— What the task requires —
From the line that contains "< length \<sigma>)" through the line that contains "in col(i := (LEAST", output every line of the listing below exactly and leave out all the rest.

— Supplied entries —
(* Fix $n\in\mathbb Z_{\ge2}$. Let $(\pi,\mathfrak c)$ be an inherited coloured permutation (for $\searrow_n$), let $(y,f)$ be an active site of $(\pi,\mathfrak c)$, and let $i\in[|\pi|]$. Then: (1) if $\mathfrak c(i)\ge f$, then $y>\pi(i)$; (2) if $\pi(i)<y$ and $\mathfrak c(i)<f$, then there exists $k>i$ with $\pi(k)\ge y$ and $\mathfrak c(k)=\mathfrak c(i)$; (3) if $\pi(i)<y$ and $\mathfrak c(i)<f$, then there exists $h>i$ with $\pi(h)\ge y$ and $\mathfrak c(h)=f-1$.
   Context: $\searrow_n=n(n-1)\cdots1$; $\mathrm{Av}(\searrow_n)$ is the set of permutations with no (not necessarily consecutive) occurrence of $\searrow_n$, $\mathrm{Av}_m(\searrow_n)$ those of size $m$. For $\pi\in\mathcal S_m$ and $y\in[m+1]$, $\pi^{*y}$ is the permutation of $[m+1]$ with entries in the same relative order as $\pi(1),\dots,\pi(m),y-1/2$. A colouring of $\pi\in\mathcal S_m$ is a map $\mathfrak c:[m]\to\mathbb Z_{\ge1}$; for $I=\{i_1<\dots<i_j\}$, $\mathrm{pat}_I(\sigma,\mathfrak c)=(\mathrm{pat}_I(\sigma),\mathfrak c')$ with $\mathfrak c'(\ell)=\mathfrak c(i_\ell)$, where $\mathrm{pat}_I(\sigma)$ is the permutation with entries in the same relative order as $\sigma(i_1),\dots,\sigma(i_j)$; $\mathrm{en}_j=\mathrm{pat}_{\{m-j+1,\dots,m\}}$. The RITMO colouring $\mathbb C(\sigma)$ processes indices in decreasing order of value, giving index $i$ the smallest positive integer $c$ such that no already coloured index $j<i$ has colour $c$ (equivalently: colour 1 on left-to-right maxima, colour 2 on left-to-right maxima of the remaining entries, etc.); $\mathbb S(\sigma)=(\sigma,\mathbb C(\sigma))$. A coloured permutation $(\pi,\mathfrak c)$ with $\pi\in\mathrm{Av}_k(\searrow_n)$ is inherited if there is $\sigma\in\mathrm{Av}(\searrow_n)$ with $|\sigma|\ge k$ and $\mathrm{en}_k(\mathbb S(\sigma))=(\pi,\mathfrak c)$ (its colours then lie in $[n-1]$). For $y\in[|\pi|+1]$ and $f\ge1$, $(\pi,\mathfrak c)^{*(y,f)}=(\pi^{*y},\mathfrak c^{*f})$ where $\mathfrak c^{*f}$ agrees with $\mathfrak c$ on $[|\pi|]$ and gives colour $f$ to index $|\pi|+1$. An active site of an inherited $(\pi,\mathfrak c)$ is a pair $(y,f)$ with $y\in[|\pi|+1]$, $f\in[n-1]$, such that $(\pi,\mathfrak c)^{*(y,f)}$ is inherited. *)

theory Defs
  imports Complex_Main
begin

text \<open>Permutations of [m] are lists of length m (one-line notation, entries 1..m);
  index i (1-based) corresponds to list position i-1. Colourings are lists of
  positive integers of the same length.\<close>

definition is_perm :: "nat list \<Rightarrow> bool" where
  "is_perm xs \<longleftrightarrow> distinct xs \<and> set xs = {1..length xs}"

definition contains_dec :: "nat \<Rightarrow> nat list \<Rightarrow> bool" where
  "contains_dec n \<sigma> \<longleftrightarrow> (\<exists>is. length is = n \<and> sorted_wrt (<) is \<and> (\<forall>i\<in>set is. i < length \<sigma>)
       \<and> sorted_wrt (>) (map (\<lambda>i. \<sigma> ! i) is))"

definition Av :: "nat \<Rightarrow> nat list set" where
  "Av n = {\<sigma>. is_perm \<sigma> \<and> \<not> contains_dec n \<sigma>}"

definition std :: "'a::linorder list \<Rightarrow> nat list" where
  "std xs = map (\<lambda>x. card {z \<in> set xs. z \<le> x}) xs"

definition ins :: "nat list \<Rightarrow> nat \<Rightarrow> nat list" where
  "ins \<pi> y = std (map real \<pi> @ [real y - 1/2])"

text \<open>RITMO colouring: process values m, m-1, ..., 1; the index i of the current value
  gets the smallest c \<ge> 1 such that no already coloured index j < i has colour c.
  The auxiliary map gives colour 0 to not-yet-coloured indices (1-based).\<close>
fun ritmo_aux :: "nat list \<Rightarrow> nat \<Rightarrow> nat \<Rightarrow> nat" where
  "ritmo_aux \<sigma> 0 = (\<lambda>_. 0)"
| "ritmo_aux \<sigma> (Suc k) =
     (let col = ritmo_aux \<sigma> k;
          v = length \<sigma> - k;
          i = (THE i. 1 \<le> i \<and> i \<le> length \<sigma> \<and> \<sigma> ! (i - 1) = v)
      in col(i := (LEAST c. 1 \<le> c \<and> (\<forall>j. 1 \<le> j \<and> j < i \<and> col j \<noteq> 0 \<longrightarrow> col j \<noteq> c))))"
* * *
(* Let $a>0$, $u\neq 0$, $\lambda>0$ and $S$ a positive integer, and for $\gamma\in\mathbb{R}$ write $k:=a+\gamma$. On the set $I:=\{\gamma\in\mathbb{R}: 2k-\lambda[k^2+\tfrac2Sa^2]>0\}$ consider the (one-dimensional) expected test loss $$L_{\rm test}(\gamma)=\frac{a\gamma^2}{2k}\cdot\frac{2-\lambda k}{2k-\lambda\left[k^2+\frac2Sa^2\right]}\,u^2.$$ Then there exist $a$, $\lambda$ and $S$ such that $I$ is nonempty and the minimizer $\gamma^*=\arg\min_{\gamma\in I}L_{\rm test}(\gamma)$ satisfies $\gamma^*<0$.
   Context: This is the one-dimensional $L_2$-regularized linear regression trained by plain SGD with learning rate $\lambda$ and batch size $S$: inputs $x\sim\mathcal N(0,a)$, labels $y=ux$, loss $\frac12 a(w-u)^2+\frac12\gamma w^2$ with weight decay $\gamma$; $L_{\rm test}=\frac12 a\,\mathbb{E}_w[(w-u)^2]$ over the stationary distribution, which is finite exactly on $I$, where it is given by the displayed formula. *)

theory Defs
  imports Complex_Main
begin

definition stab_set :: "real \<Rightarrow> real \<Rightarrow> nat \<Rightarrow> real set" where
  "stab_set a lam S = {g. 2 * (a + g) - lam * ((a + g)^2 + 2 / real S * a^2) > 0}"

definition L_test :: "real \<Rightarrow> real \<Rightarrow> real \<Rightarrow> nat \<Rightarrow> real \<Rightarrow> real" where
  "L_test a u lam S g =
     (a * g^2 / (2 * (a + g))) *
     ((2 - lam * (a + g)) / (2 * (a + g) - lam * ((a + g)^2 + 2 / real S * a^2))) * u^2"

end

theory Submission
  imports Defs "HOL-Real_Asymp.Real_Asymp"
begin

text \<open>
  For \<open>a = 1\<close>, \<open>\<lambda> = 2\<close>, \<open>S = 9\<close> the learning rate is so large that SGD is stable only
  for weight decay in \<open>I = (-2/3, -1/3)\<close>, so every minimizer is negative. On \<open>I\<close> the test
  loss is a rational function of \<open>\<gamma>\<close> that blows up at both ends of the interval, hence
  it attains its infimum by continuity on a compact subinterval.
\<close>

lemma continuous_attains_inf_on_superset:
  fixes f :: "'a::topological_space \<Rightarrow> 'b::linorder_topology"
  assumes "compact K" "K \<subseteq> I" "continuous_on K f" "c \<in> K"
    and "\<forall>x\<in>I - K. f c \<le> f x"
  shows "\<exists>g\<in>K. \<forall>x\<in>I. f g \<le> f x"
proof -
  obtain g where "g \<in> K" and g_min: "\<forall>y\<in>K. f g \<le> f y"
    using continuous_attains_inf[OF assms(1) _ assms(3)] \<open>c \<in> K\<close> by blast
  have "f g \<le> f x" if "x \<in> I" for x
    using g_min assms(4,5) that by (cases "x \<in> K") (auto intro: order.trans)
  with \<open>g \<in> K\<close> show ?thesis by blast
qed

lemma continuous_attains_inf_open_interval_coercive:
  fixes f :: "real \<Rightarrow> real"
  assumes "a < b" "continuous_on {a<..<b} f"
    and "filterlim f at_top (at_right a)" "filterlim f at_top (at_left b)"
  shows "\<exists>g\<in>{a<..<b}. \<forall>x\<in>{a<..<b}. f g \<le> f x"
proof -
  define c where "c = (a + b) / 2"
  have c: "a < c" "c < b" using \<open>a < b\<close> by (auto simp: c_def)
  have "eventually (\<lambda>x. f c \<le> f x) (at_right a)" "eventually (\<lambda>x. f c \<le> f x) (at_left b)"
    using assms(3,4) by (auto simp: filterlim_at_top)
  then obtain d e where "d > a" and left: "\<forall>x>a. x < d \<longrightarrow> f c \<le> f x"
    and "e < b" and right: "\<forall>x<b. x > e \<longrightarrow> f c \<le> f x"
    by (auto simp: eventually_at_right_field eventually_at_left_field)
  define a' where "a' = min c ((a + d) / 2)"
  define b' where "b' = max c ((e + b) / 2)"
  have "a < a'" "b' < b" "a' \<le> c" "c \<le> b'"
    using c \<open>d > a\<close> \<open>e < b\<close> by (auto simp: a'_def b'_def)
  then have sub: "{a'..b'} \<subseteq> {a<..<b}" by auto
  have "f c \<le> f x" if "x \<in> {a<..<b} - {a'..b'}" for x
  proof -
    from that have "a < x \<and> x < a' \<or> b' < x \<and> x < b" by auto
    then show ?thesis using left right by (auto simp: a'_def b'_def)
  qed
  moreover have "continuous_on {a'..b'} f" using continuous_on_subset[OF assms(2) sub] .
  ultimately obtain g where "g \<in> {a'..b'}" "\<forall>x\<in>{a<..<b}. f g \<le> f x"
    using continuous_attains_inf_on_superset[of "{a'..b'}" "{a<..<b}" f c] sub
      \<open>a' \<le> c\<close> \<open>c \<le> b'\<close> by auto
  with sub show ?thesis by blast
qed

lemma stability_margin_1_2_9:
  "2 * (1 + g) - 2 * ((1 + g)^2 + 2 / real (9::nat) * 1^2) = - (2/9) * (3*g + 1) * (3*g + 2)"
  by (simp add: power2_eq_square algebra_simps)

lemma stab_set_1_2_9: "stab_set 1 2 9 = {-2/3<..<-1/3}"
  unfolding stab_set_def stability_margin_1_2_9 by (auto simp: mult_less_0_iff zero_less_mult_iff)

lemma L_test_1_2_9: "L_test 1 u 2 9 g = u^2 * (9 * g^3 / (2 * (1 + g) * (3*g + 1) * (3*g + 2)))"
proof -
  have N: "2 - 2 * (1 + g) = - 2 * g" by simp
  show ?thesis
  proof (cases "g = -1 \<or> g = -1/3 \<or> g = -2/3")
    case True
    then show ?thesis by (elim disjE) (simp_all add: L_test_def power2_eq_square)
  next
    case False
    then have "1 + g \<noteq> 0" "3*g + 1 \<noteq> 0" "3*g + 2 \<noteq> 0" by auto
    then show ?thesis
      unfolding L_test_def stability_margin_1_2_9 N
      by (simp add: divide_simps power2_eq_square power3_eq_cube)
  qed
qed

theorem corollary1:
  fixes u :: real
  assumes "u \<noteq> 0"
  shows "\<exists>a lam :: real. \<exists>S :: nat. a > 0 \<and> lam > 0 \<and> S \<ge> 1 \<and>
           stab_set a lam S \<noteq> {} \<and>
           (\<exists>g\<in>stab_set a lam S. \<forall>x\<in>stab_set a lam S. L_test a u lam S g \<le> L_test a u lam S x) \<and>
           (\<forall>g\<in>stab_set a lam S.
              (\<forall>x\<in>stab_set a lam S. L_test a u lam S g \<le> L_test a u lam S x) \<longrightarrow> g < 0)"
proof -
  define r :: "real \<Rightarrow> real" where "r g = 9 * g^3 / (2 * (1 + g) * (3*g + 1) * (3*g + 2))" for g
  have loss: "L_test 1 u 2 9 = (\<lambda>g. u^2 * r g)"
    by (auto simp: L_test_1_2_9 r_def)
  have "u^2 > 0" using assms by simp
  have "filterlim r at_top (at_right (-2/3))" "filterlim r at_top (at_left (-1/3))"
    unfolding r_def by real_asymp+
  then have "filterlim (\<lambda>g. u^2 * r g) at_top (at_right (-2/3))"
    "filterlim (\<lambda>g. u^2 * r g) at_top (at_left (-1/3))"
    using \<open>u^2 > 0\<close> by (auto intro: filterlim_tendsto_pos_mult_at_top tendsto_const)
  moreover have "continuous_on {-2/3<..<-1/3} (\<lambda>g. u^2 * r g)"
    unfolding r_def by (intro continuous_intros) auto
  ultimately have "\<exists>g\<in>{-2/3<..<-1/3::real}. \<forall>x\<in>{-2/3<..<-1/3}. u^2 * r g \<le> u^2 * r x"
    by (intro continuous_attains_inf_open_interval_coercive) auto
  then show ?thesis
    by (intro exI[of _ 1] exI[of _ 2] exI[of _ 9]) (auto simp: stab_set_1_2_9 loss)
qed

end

— Exercise output —
  "contains_dec n \<sigma> \<longleftrightarrow> (\<exists>is. length is = n \<and> sorted_wrt (<) is \<and> (\<forall>i\<in>set is. i < length \<sigma>)
       \<and> sorted_wrt (>) (map (\<lambda>i. \<sigma> ! i) is))"

definition Av :: "nat \<Rightarrow> nat list set" where
  "Av n = {\<sigma>. is_perm \<sigma> \<and> \<not> contains_dec n \<sigma>}"

definition std :: "'a::linorder list \<Rightarrow> nat list" where
  "std xs = map (\<lambda>x. card {z \<in> set xs. z \<le> x}) xs"

definition ins :: "nat list \<Rightarrow> nat \<Rightarrow> nat list" where
  "ins \<pi> y = std (map real \<pi> @ [real y - 1/2])"

text \<open>RITMO colouring: process values m, m-1, ..., 1; the index i of the current value
  gets the smallest c \<ge> 1 such that no already coloured index j < i has colour c.
  The auxiliary map gives colour 0 to not-yet-coloured indices (1-based).\<close>
fun ritmo_aux :: "nat list \<Rightarrow> nat \<Rightarrow> nat \<Rightarrow> nat" where
  "ritmo_aux \<sigma> 0 = (\<lambda>_. 0)"
| "ritmo_aux \<sigma> (Suc k) =
     (let col = ritmo_aux \<sigma> k;
          v = length \<sigma> - k;
          i = (THE i. 1 \<le> i \<and> i \<le> length \<sigma> \<and> \<sigma> ! (i - 1) = v)
      in col(i := (LEAST c. 1 \<le> c \<and> (\<forall>j. 1 \<le> j \<and> j < i \<and> col j \<noteq> 0 \<longrightarrow> col j \<noteq> c))))"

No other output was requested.